Collected data
====

lemma restricted_TOM_exists_full_coarsening:
  assumes "restricted_TOM n R C TT" and "C \<noteq> {}" and "T \<in> TT"
  shows "\<exists>H\<in>TT. list_all2 (\<subseteq>) T H \<and> (\<forall>p\<in>R. H ! p \<noteq> {})"
  using assms
proof (induction "card R + card C" arbitrary: R C TT T rule: less_induct)
  case less
  interpret restricted_TOM n R C TT by (fact less.prems(1))
  obtain W where W: "W \<in> TT" "list_all2 (\<subseteq>) T W"
    and maximal: "\<And>U. U \<in> TT \<Longrightarrow> list_all2 (\<subseteq>) W U \<Longrightarrow> U = W"
    using exists_maximal_coarsening[OF less.prems(3)] by blast
  show ?case
  proof (rule ccontr)
    assume "\<not> ?case"
    then obtain i where "i \<in> R" "W ! i = {}" using W by blast
    then interpret maximal_gap n R C TT W i
      using W(1) maximal by (intro maximal_gap.intro less.prems(1) maximal_gap_axioms.intro)
    show False
    proof (rule no_deletion_witnesses[OF less.prems(2)])
      fix c assume c: "c \<in> C"
      have smaller: "card R + card (C - {c}) < card R + card C"
        using card_Diff1_less[OF finite_columns c] by simp
      have "C - {c} \<noteq> {}" using not_single_column c by blast
      from less.hyps[OF smaller restricted_TOM_restriction[OF less.prems(1) subset_refl Diff_subset]
          this delete_column_mem_restriction[OF W(1)]]
      obtain H where H: "H \<in> restriction n R (C - {c}) TT"
        "list_all2 (\<subseteq>) (map (\<lambda>S. S - {c}) W) H" "\<forall>p\<in>R. H ! p \<noteq> {}"
        by blast
      have "W ! p - {c} \<subseteq> H ! p \<and> c \<notin> H ! p" if "p < n" for p
        using list_all2_nthD[OF H(2), of p] length_eq[OF W(1)] H(1) that by (auto simp: mem_restriction)
      moreover have "H \<in> TT" using H(1) by (simp add: mem_restriction)
      ultimately show "\<exists>H\<in>TT. (\<forall>p\<in>R. H ! p \<noteq> {}) \<and> (\<forall>p<n. W ! p - {c} \<subseteq> H ! p \<and> c \<notin> H ! p)"
        using H(3) by blast
    next
      fix r assume r: "r \<in> R" "r \<noteq> i"
      have "finite R" using rows_subset finite_subset by blast
      then have smaller: "card (R - {r}) + card C < card R + card C"
        using card_Diff1_less[OF \<open>finite R\<close> r(1)] by simp
      have "r < n" using r(1) rows_subset by blast
      from less.hyps[OF smaller restricted_TOM_restriction[OF less.prems(1) Diff_subset subset_refl]
          less.prems(2) delete_row_mem_restriction[OF W(1) this]]
      obtain H where H: "H \<in> restriction n (R - {r}) C TT"
        "list_all2 (\<subseteq>) (W[r := {}]) H" "\<forall>p\<in>R - {r}. H ! p \<noteq> {}"
        by blast
      have "W ! p \<subseteq> H ! p" if "p < n" "p \<noteq> r" for p
        using list_all2_nthD[OF H(2), of p] length_eq[OF W(1)] that by simp
      moreover have "H \<in> TT" using H(1) by (simp add: mem_restriction)
      moreover have "H ! i \<noteq> {}" using H(3) gap_row r(2) by blast
      ultimately show "\<exists>H\<in>TT. H ! i \<noteq> {} \<and> (\<forall>p<n. p \<noteq> r \<longrightarrow> W ! p \<subseteq> H ! p)"
        by blast
    qed
  qed
qed
(* Let $H$ be a cubic graph of order $m$ and let $G=T(H)$. Then $c_2(G)-\left\lceil\frac{|V(G)|+2}{4}\right\rceil\ge\left\lfloor\frac{m-2}{4}\right\rfloor$. Moreover, $G$ has the same number of bridges and the same chromatic index as $H$.
   Context: For a cubic graph $H$, the triangle-replaced graph $T(H)$ is obtained by replacing each vertex $v$ of $H$ by a triangle $T(v)$ and, for each edge $uv$ of $H$, adding an edge joining a vertex of $T(u)$ to a vertex of $T(v)$, so that each triangle vertex is incident with exactly one added edge. For a graph $G=(V,E)$ and $S_0\subseteq V$, the irreversible $2$-threshold conversion process sets, for $t=1,2,\dots$, $S_t=S_{t-1}\cup\{v: v \text{ has at least } 2 \text{ neighbours in } S_{t-1}\}$; $S_0$ is a $2$-conversion set if $S_t=V$ for some $t$, and $c_2(G)$ is the minimum size of a $2$-conversion set. *)

theory Defs
  imports Complex_Main
begin

definition simple_graph :: "'v set \<Rightarrow> 'v set set \<Rightarrow> bool" where
  "simple_graph V E \<longleftrightarrow> finite V \<and> (\<forall>e\<in>E. \<exists>u v. e = {u, v} \<and> u \<noteq> v \<and> u \<in> V \<and> v \<in> V)"

definition degree :: "'v set set \<Rightarrow> 'v \<Rightarrow> nat" where
  "degree E v = card {e \<in> E. v \<in> e}"

definition cubic_graph :: "'v set \<Rightarrow> 'v set set \<Rightarrow> bool" where
  "cubic_graph V E \<longleftrightarrow> simple_graph V E \<and> (\<forall>v\<in>V. degree E v = 3)"

text \<open>Triangle-replaced graph T(H): vertex v of H becomes the triangle on the
  vertices (v,e) for the three edges e of H incident with v; each edge e = {u,v}
  of H yields the edge joining (u,e) and (v,e).\<close>

definition tr_verts :: "'v set \<Rightarrow> 'v set set \<Rightarrow> ('v \<times> 'v set) set" where
  "tr_verts V E = {(v, e). v \<in> V \<and> e \<in> E \<and> v \<in> e}"

definition tr_edges :: "'v set \<Rightarrow> 'v set set \<Rightarrow> ('v \<times> 'v set) set set" where
  "tr_edges V E =
     {{(v, e), (v, f)} | v e f. v \<in> V \<and> e \<in> E \<and> f \<in> E \<and> v \<in> e \<and> v \<in> f \<and> e \<noteq> f}
   \<union> {{(u, e), (v, e)} | u v e. e \<in> E \<and> e = {u, v} \<and> u \<noteq> v}"

definition conv_step :: "'v set \<Rightarrow> 'v set set \<Rightarrow> 'v set \<Rightarrow> 'v set" where
  "conv_step V E S = S \<union> {v \<in> V. card {u \<in> S. {u, v} \<in> E} \<ge> 2}"

definition is_2conv_set :: "'v set \<Rightarrow> 'v set set \<Rightarrow> 'v set \<Rightarrow> bool" where
  "is_2conv_set V E S \<longleftrightarrow> S \<subseteq> V \<and> (\<exists>t. (conv_step V E ^^ t) S = V)"

definition c2 :: "'v set \<Rightarrow> 'v set set \<Rightarrow> nat" where
  "c2 V E = (LEAST k. \<exists>S. is_2conv_set V E S \<and> card S = k)"

definition reach :: "'v set \<Rightarrow> 'v set set \<Rightarrow> ('v \<times> 'v) set" where
  "reach V E = {(u, v). u \<in> V \<and> v \<in> V \<and> (u, v) \<in> {(x, y). {x, y} \<in> E}\<^sup>*}"

definition num_components :: "'v set \<Rightarrow> 'v set set \<Rightarrow> nat" where
  "num_components V E = card (V // reach V E)"

definition bridges :: "'v set \<Rightarrow> 'v set set \<Rightarrow> 'v set set" where
  "bridges V E = {e \<in> E. num_components V (E - {e}) > num_components V E}"

definition proper_edge_colouring :: "'v set set \<Rightarrow> nat \<Rightarrow> ('v set \<Rightarrow> nat) \<Rightarrow> bool" where
  "proper_edge_colouring E k c \<longleftrightarrow>
     (\<forall>e\<in>E. c e < k) \<and> (\<forall>e\<in>E. \<forall>f\<in>E. e \<noteq> f \<and> e \<inter> f \<noteq> {} \<longrightarrow> c e \<noteq> c f)"

definition chromatic_index :: "'v set set \<Rightarrow> nat" where
  "chromatic_index E = (LEAST k. \<exists>c. proper_edge_colouring E k c)"

end

theory Submission
  imports Defs
begin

====

▶ [WORK TO COMPLETE]: Where a line in the records above includes the string "reach", show it.

▶ [RESULT]:
definition reach :: "'v set \<Rightarrow> 'v set set \<Rightarrow> ('v \<times> 'v) set" where
  "reach V E = {(u, v). u \<in> V \<and> v \<in> V \<and> (u, v) \<in> {(x, y). {x, y} \<in> E}\<^sup>*}"
  "num_components V E = card (V // reach V E)"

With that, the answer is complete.